From: Wei Wang <wei.wang2@amd.com>
To: Sander Eikelenboom <linux@eikelenboom.it>
Cc: "xen-devel@lists.xensource.com" <xen-devel@lists.xensource.com>,
Jan Beulich <JBeulich@suse.com>
Subject: Re: [PATCH] amd iommu: Dump flags of IO page faults
Date: Mon, 24 Sep 2012 14:24:16 +0200 [thread overview]
Message-ID: <506050F0.7020703@amd.com> (raw)

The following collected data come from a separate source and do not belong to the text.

lemma nn_integral_density_count_space_finite:
  assumes "finite A"
  shows "(\<integral>\<^sup>+y. g y \<partial>density (count_space A) (\<lambda>y. ennreal (f y))) = (\<Sum>y\<in>A. ennreal (f y) * g y)"
  by (subst nn_integral_density) (simp_all add: nn_integral_count_space_finite[OF assms])

lemma subprob_space_density_count_space:
  assumes "finite A" "A \<noteq> {}" and "\<And>y. y \<in> A \<Longrightarrow> 0 \<le> f y" and "(\<Sum>y\<in>A. f y) \<le> 1"
  shows "subprob_space (density (count_space A) (\<lambda>y. ennreal (f y)))"
proof (rule subprob_spaceI)
  have "emeasure (density (count_space A) (\<lambda>y. ennreal (f y))) A = (\<Sum>y\<in>A. ennreal (f y))"
    by (simp add: emeasure_density nn_integral_count_space_finite[OF assms(1)])
  also have "\<dots> = ennreal (\<Sum>y\<in>A. f y)" using assms(3) by (rule sum_ennreal)
  also have "\<dots> \<le> 1" using assms(4) by simp
  finally show "emeasure (density (count_space A) (\<lambda>y. ennreal (f y)))
      (space (density (count_space A) (\<lambda>y. ennreal (f y)))) \<le> 1" by simp
qed (use assms in simp)

section \<open>The uniform-noise kernels\<close>

lemma cat_nonneg: "0 \<le> a \<Longrightarrow> a \<le> 1 \<Longrightarrow> 0 \<le> cat K a u v"
  unfolding cat_def by auto

lemma cat_pos: "0 < K \<Longrightarrow> 0 \<le> a \<Longrightarrow> a < 1 \<Longrightarrow> 0 < cat K a u v"
  unfolding cat_def by (auto intro: add_nonneg_pos)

In-Reply-To: <74647167.20120924103835@eikelenboom.it>
On 09/24/2012 10:38 AM, Sander Eikelenboom wrote:
>
> Friday, September 7, 2012, 10:54:40 AM, you wrote:
>
>> On 09/07/2012 09:32 AM, Sander Eikelenboom wrote:
>>>
>>> Thursday, September 6, 2012, 5:03:05 PM, you wrote:
>>>
>>>> On 09/06/2012 03:50 PM, Sander Eikelenboom wrote:
>>>>>
>>>>> Thursday, September 6, 2012, 3:32:51 PM, you wrote:
>>>>>
>>>>>> On 09/06/2012 12:59 AM, Sander Eikelenboom wrote:
>>>>>>>
>>>>>>> Wednesday, September 5, 2012, 4:42:42 PM, you wrote:
>>>>>>>
>>>>>>>> Hi Jan,
>>>>>>>> Attached patch dumps io page fault flags. The flags show the reason of
>>>>>>>> the fault and tell us if this is an unmapped interrupt fault or a DMA fault.
>>>>>>>
>>>>>>>> Thanks,
>>>>>>>> Wei
>>>>>>>
>>>>>>>> signed-off-by: Wei Wang<wei.wang2@amd.com>
>>>>>>>
>>>>>>>
>>>>>>> I have applied the patch and the flags seem to differ between the faults:
>>>>>>>
>>>>>>> AMD-Vi: IO_PAGE_FAULT: domain = 0, device id = 0x0a06, fault address = 0xc2c2c2c0, flags = 0x000
>>>>>>> (XEN) [2012-09-05 20:54:16] AMD-Vi: IO_PAGE_FAULT: domain = 0, device id = 0x0a06, fault address = 0xc2c2c2c0, flags = 0x000
>>>>>>> (XEN) [2012-09-05 20:54:16] AMD-Vi: IO_PAGE_FAULT: domain = 14, device id = 0x0700, fault address = 0xa8d339e0, flags = 0x020
>>>>>>> (XEN) [2012-09-05 20:54:16] AMD-Vi: IO_PAGE_FAULT: domain = 14, device id = 0x0700, fault address = 0xa8d33a40, flags = 0x020
>>>>>
>>>>>> OK, so they are not interrupt requests. I guess further information from
>>>>>> your system would be helpful to debug this issue:
>>>>>> 1) xl info
>>>>>> 2) xl list
>>>>>> 3) lscpi -vvv (NOTE: not in dom0 but in your guest)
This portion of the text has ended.